(ACTIVITY) The lines of the records that include "plane" should all be copied.

(TASK INPUT)
(* Let $K$ be a convex body in $\mathbb{R}^d$, $G\subset\operatorname{int}(K)$ a convex body, $0<\alpha\le1$, and $G_+:=\{y\in\operatorname{int}(K):\inf_{g\in G}d_K(y,g)\le\alpha\}$. Then for every $x\in\partial G$ there exists $y\in\partial G_+$ with $d_K(x,y)=\alpha$. In particular, $\partial G\subseteq\{z:\inf_{w\in\partial G_+}d_K(z,w)\le\alpha\}$.
   Context: Hilbert distance: for distinct $x,y\in\operatorname{int}(K)$, with $y'$ (resp. $x'$) where the ray from $x$ through $y$ (resp. $y$ through $x$) meets $\partial K$, $d_K(x,y)=\frac12\ln\left(\frac{\|y-x'\|}{\|x-x'\|}\frac{\|x-y'\|}{\|y-y'\|}\right)$, $d_K(x,x)=0$. *)

theory Defs
  imports "HOL-Analysis.Analysis"
begin

definition convex_body :: "'a::euclidean_space set \<Rightarrow> bool" where
  "convex_body K \<longleftrightarrow> compact K \<and> convex K \<and> interior K \<noteq> {}"

definition ray_exit :: "'a::euclidean_space set \<Rightarrow> 'a \<Rightarrow> 'a \<Rightarrow> 'a" where
  "ray_exit K p q = (THE z. z \<in> frontier K \<and> (\<exists>t::real. t \<ge> 0 \<and> z = p + t *\<^sub>R (q - p)))"

definition hilbert_dist :: "'a::euclidean_space set \<Rightarrow> 'a \<Rightarrow> 'a \<Rightarrow> real" where
  "hilbert_dist K x y =
     (if x = y then 0 else
       (let y' = ray_exit K x y; x' = ray_exit K y x in
          (1/2) * ln ((norm (y - x') / norm (x - x')) * (norm (x - y') / norm (y - y')))))"
(* Consider two pairs of lines in the plane. (1) If one pair consists of parallel lines, then the rectangle locus for the pairs is a line, a line missing an open segment, a point, or the empty set. (2) The rectangle locus is the entire plane if and only if each pair consists of orthogonal lines and all four lines meet at the same point. (3) Suppose neither pair consists of parallel lines. If the crossing points of the two pairs are different and either both pairs consist of orthogonal lines or one pair is a translation of the other, then the rectangle locus is a line.
   Context: A pair of lines means two distinct lines; two pairs of lines are distinct pairs, possibly sharing one line. The rectangle locus of two pairs $L_1,L_3$ and $L_2,L_4$ is the set of points $p$ in the plane that are the center of a (possibly degenerate) rectangle one of whose diagonals joins $L_1$ and $L_3$ and the other joins $L_2$ and $L_4$; equivalently, $p$ is the midpoint both of a segment joining $L_1$ and $L_3$ and of a segment joining $L_2$ and $L_4$, these two segments having equal length. A pair is a translation of the other if it is its image under a translation of the plane. *)

theory Defs
  imports "HOL-Analysis.Analysis"
begin

type_synonym point = "real^2"

definition line_through :: "point \<Rightarrow> point \<Rightarrow> point set" where
  "line_through p v = {p + t *\<^sub>R v | t. True}"

definition is_line :: "point set \<Rightarrow> bool" where
  "is_line L \<longleftrightarrow> (\<exists>p v. v \<noteq> 0 \<and> L = line_through p v)"

definition parallel_lines :: "point set \<Rightarrow> point set \<Rightarrow> bool" where
  "parallel_lines L M \<longleftrightarrow>
     (\<exists>p q v. v \<noteq> 0 \<and> L = line_through p v \<and> M = line_through q v)"
lemma nn_integral_powr_exp_square_eq_Gamma:
  fixes a u :: real
  assumes a: "0 < a" and u: "u \<noteq> 0"
  shows "(\<integral>\<^sup>+r. ennreal (indicator {0..} r * r powr (a - 1) * exp (- (u\<^sup>2 * r))) \<partial>lborel)
       = ennreal (Gamma a * \<bar>u\<bar> powr (- 2 * a))"
proof -
  have "(u\<^sup>2) powr (- a) = (\<bar>u\<bar> powr 2) powr (- a)"
    by simp
  also have "\<dots> = \<bar>u\<bar> powr (2 * - a)"
    by (rule powr_powr)
  finally have "(u\<^sup>2) powr (- a) = \<bar>u\<bar> powr (- 2 * a)"
    by simp
  then show ?thesis
    using nn_integral_powr_exp_eq_Gamma[OF a, of "u\<^sup>2"] u by simp
qed

lemma nn_integral_one_minus_cos_gaussian_powr:
  fixes a r :: real
  assumes r: "r > 0"
  shows "(\<integral>\<^sup>+u. ennreal (1 - cos u) * ennreal (r powr (a - 1) * exp (- (u\<^sup>2 * r))) \<partial>lborel)
       = ennreal (sqrt pi * r powr (a - 3 / 2) * (1 - exp (- (1 / (4 * r)))))"
proof -
  have "r powr (a - 1) * sqrt (pi / r) = sqrt pi * (r powr (a - 1) * r powr (- 1 / 2))"
    using r by (simp add: real_sqrt_divide powr_minus_divide powr_half_sqrt[symmetric] divide_simps)
  also have "r powr (a - 1) * r powr (- 1 / 2) = r powr (a - 3 / 2)"
    by (simp add: powr_add[symmetric])
  finally have powr_eq: "r powr (a - 1) * sqrt (pi / r) = sqrt pi * r powr (a - 3 / 2)" .
  have "(\<integral>\<^sup>+u. ennreal (1 - cos u) * ennreal (r powr (a - 1) * exp (- (u\<^sup>2 * r))) \<partial>lborel)
      = ennreal (r powr (a - 1)) * (\<integral>\<^sup>+u. ennreal ((1 - cos u) * exp (- (r * u\<^sup>2))) \<partial>lborel)"
    by (subst nn_integral_cmult[symmetric]) (auto intro!: nn_integral_cong simp: ennreal_mult'[symmetric] mult_ac)
  also have "\<dots> = ennreal (sqrt pi * r powr (a - 3 / 2) * (1 - exp (- (1 / (4 * r)))))"
    using r by (simp add: nn_integral_one_minus_cos_gaussian ennreal_mult'[symmetric] powr_eq[symmetric] mult.assoc)
  finally show ?thesis .
qed

lemma nn_integral_one_minus_cos_powr:
  fixes \<alpha> :: real
  assumes \<alpha>: "0 < \<alpha>" "\<alpha> < 2"
  shows "(\<integral>\<^sup>+u. ennreal ((1 - cos u) * \<bar>u\<bar> powr (- 1 - \<alpha>)) \<partial>lborel) = ennreal (1 / calA (- \<alpha>) 1)"
proof -
  define a where "a = (1 + \<alpha>) / 2"
  have a: "0 < a" and Gamma_a: "0 < Gamma a"
    using \<alpha> by (simp_all add: a_def)
  \<comment> \<open>Subordination: \<open>Gamma a * \<bar>u\<bar> powr (- 1 - \<alpha>)\<close> is the integral of \<open>r powr (a - 1) * exp (- u\<^sup>2 r)\<close>
    over \<open>r \<ge> 0\<close>; integrating in \<open>u\<close> first gives Gaussian integrals.\<close>
  define H where "H u r = ennreal (1 - cos u) * ennreal (indicator {0..} r * r powr (a - 1) * exp (- (u\<^sup>2 * r)))"
    for u r :: real
  have H_measurable: "(\<lambda>(u, r). H u r) \<in> borel_measurable (lborel \<Otimes>\<^sub>M lborel)"
    unfolding H_def by measurable
  have r_integral: "(\<integral>\<^sup>+r. H u r \<partial>lborel) = ennreal (Gamma a) * ennreal ((1 - cos u) * \<bar>u\<bar> powr (- 1 - \<alpha>))" for u
  proof (cases "u = 0")
    case False
    have "- 2 * a = - 1 - \<alpha>"
      by (simp add: a_def)
    then have powr_eq: "\<bar>u\<bar> powr (- 2 * a) = \<bar>u\<bar> powr (- 1 - \<alpha>)"
      by (simp only:)
    have "(\<integral>\<^sup>+r. H u r \<partial>lborel)
        = ennreal (1 - cos u) * (\<integral>\<^sup>+r. ennreal (indicator {0..} r * r powr (a - 1) * exp (- (u\<^sup>2 * r))) \<partial>lborel)"
      unfolding H_def by (rule nn_integral_cmult) measurable
    also have "\<dots> = ennreal (1 - cos u) * ennreal (Gamma a * \<bar>u\<bar> powr (- 1 - \<alpha>))"
      unfolding nn_integral_powr_exp_square_eq_Gamma[OF a False] powr_eq ..
    finally show ?thesis
      using Gamma_a by (simp add: ennreal_mult'[symmetric] mult_ac)
  qed (simp add: H_def)
  have u_integral: "(\<integral>\<^sup>+u. H u r \<partial>lborel)
      = ennreal (sqrt pi) * ennreal (indicator {0<..} r * r powr (\<alpha> / 2 - 1) * (1 - exp (- (1 / (4 * r)))))"
    if "r \<noteq> 0" for r
  proof (cases "r > 0")
    case True
    have "a - 3 / 2 = \<alpha> / 2 - 1"
      by (simp add: a_def field_simps)
    then show ?thesis
      using True nn_integral_one_minus_cos_gaussian_powr[OF True, of a]
      by (simp add: H_def ennreal_mult'[symmetric] mult.assoc)
  next
    case False
    then show ?thesis
      using that by (simp add: H_def)
  qed
  define K where "K = 4 powr (- (\<alpha> / 2)) / (\<alpha> / 2) * Gamma (1 - \<alpha> / 2)"
  have "ennreal (Gamma a) * (\<integral>\<^sup>+u. ennreal ((1 - cos u) * \<bar>u\<bar> powr (- 1 - \<alpha>)) \<partial>lborel)
      = (\<integral>\<^sup>+u. \<integral>\<^sup>+r. H u r \<partial>lborel \<partial>lborel)"
    by (simp add: r_integral nn_integral_cmult)
  also have "\<dots> = (\<integral>\<^sup>+r. \<integral>\<^sup>+u. H u r \<partial>lborel \<partial>lborel)"
    using lborel_pair.Fubini'[OF H_measurable] by simp
  also have "\<dots> = (\<integral>\<^sup>+r. ennreal (sqrt pi) * ennreal (indicator {0<..} r * r powr (\<alpha> / 2 - 1) * (1 - exp (- (1 / (4 * r))))) \<partial>lborel)"
    using AE_lborel_singleton[of 0] by (intro nn_integral_cong_AE) (auto elim!: eventually_mono simp: u_integral)
  also have "\<dots> = ennreal (sqrt pi) * ennreal K"
    using \<alpha> unfolding K_def by (subst nn_integral_cmult) (simp_all add: nn_integral_powr_one_minus_exp_inverse)
  finally have "ennreal (1 / Gamma a) * (ennreal (Gamma a) * (\<integral>\<^sup>+u. ennreal ((1 - cos u) * \<bar>u\<bar> powr (- 1 - \<alpha>)) \<partial>lborel))
      = ennreal (1 / Gamma a) * (ennreal (sqrt pi) * ennreal K)"
    by simp
  then have "(\<integral>\<^sup>+u. ennreal ((1 - cos u) * \<bar>u\<bar> powr (- 1 - \<alpha>)) \<partial>lborel) = ennreal (sqrt pi * K / Gamma a)"
    using Gamma_a \<alpha> by (simp add: mult.assoc[symmetric] ennreal_mult'[symmetric] K_def)
  also have "sqrt pi * K / Gamma a = 1 / calA (- \<alpha>) 1"
  proof -
    have "(4::real) powr (- (\<alpha> / 2)) = (2 powr 2) powr (- (\<alpha> / 2))"
      by simp
    also have "\<dots> = 2 powr (- \<alpha>)"
      by (subst powr_powr) simp
    finally have "(4::real) powr (- (\<alpha> / 2)) = 2 powr (- \<alpha>)" .
    moreover have "Gamma (1 - \<alpha> / 2) > 0"
      using \<alpha> by (intro Gamma_real_pos) simp
    ultimately show ?thesis
      using \<alpha> Gamma_a by (simp add: calA_neg_eq K_def a_def field_simps)
  qed
  finally show ?thesis .
qed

(RESPONSE)
(* Consider two pairs of lines in the plane. (1) If one pair consists of parallel lines, then the rectangle locus for the pairs is a line, a line missing an open segment, a point, or the empty set. (2) The rectangle locus is the entire plane if and only if each pair consists of orthogonal lines and all four lines meet at the same point. (3) Suppose neither pair consists of parallel lines. If the crossing points of the two pairs are different and either both pairs consist of orthogonal lines or one pair is a translation of the other, then the rectangle locus is a line.
   Context: A pair of lines means two distinct lines; two pairs of lines are distinct pairs, possibly sharing one line. The rectangle locus of two pairs $L_1,L_3$ and $L_2,L_4$ is the set of points $p$ in the plane that are the center of a (possibly degenerate) rectangle one of whose diagonals joins $L_1$ and $L_3$ and the other joins $L_2$ and $L_4$; equivalently, $p$ is the midpoint both of a segment joining $L_1$ and $L_3$ and of a segment joining $L_2$ and $L_4$, these two segments having equal length. A pair is a translation of the other if it is its image under a translation of the plane. *)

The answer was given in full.